If this isn’t sufficient to get the program working (i.e. there are no available GPU devices), then you may need to switch to a different ilab machine.

What to Submit

You should invoke make submit to generate the file submit_me.tar containing your GPU code. This only generates the file; it does not automatically submit it. You need to submit submit_me.tar to Sakai.

If you change your code after generating this tar file, don’t forget to regenerate (and resubmit) the tar afterward.

If you complete the extra credit, then you should additionally submit your 3-page report in PDF format.

Please DO NOT submit any other code, executable, mtx files, matching results, etc.

Extra-credit

The extra credit part of this project concerns the parallel implementation of finding the strongest neighbors (i.e. producing the strongNeighbor array in Fig. 1).

If you choose to complete the extra-credit, you must design the parallel algorithm for finding the maximal neighbor of each node. There are several factors to consider include, but are not limited to:

  • Load balancing. Each node has a different number of neighbors, so partitioning the work according to node may not be a good idea.
  • Thread divergence. Each thread in each warp (i.e. each group of 32 consecutive threads) should perform the same operations, or else parallelism is reduced.
  • Memory coalescing. A memory operation is more efficient when consecutive threads are accessing consecutive memory locations.

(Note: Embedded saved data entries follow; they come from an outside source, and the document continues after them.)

lemma free_Abelian_group_hom_ext:
  assumes H: "group H"
    and f: "f \<in> hom (free_Abelian_group S) H" and g: "g \<in> hom (free_Abelian_group S) H"
    and fg: "\<And>s. s \<in> S \<Longrightarrow> f (frag_of s) = g (frag_of s)"
    and c: "c \<in> carrier (free_Abelian_group S)"
  shows "f c = g c"
proof -
  interpret f: group_hom "free_Abelian_group S" H f
    by (intro group_hom.intro group_hom_axioms.intro H f group_free_Abelian_group)
  interpret g: group_hom "free_Abelian_group S" H g
    by (intro group_hom.intro group_hom_axioms.intro H g group_free_Abelian_group)
  have diff: "h (x - y) = h x \<otimes>\<^bsub>H\<^esub> inv\<^bsub>H\<^esub> h y"
    if "h \<in> hom (free_Abelian_group S) H" "Poly_Mapping.keys x \<subseteq> S" "Poly_Mapping.keys y \<subseteq> S" for h x y
    using that group_hom.hom_inv[of "free_Abelian_group S" H h y] hom_mult[of h "free_Abelian_group S" H x "- y"]
    by (simp add: group_hom_def group_hom_axioms_def H)
  from c have "Poly_Mapping.keys c \<subseteq> S" by simp
  then show ?thesis
    by (rule free_Abelian_group_induct[where P = "\<lambda>c. f c = g c"])
       (use f.hom_one g.hom_one diff[OF f] diff[OF g] fg in simp_all)
qed

lemma submodule_subset: "submodule U R M \<Longrightarrow> U \<subseteq> carrier M"
  using subgroup.subset[OF submodule.axioms(1)] by fastforce

lemma submodule_zero_closed: "submodule U R M \<Longrightarrow> \<zero>\<^bsub>M\<^esub> \<in> U"
  using subgroup.one_closed[OF submodule.axioms(1)] by fastforce

lemma submodule_add_closed: "submodule U R M \<Longrightarrow> u \<in> U \<Longrightarrow> v \<in> U \<Longrightarrow> u \<oplus>\<^bsub>M\<^esub> v \<in> U"
  using subgroup.m_closed[OF submodule.axioms(1)] by fastforce

lemma indecomposable_module_nontrivial:
  assumes "indecomposable_module R M"
  obtains x where "x \<in> carrier M" "x \<noteq> \<zero>\<^bsub>M\<^esub>"
  using assms abelian_monoid.zero_closed[OF abelian_group.axioms(1)[OF left_module_abelian_group]]
  unfolding indecomposable_module_def by blast

lemma indecomposable_moduleD:
  assumes "indecomposable_module R M" "submodule U R M" "submodule V R M"
    "U \<inter> V = {\<zero>\<^bsub>M\<^esub>}" "U <+>\<^bsub>M\<^esub> V = carrier M"
  shows "U = {\<zero>\<^bsub>M\<^esub>} \<or> V = {\<zero>\<^bsub>M\<^esub>}"
  using assms unfolding indecomposable_module_def by blast

section \<open>Upper triangular matrices and the column module\<close>

definition unit_column :: "('a, 'e) ring_scheme \<Rightarrow> nat \<Rightarrow> nat \<Rightarrow> 'a" where
  "unit_column R j = (\<lambda>i. if i = j then \<one>\<^bsub>R\<^esub> else \<zero>\<^bsub>R\<^esub>)"

definition matrix_unit :: "('a, 'e) ring_scheme \<Rightarrow> nat \<Rightarrow> nat \<Rightarrow> 'a \<Rightarrow> nat \<Rightarrow> nat \<Rightarrow> 'a" where
  "matrix_unit R i j t = (\<lambda>p q. if p = i \<and> q = j then t else \<zero>\<^bsub>R\<^esub>)"

context ring
begin

lemma carrier_upper_tri:
  "A \<in> carrier (upper_tri R n) \<longleftrightarrow>
     (\<forall>i j. A i j \<in> carrier R) \<and> (\<forall>i j. \<not> (i \<le> j \<and> j < n) \<longrightarrow> A i j = \<zero>)"
  by (simp add: upper_tri_def)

You can use as many GPU kernel functions as you feel are necessary, which should all be placed inside the extra.cu file. You will call these kernels at the appropriate place inside onewaywrapper.cu. If necessary, you are permitted to define additional GPU arrays inside onewaywrapper.cu. Your implementation will be invoked iff you use the -extra flag on the command-line when you run the match program.

For full points on the extra credit, you need need to write a three-page report including your algorithm, the implementation results, and evaluation.

Questions

Questions regarding this project can be posted on Sakai forum. Good luck!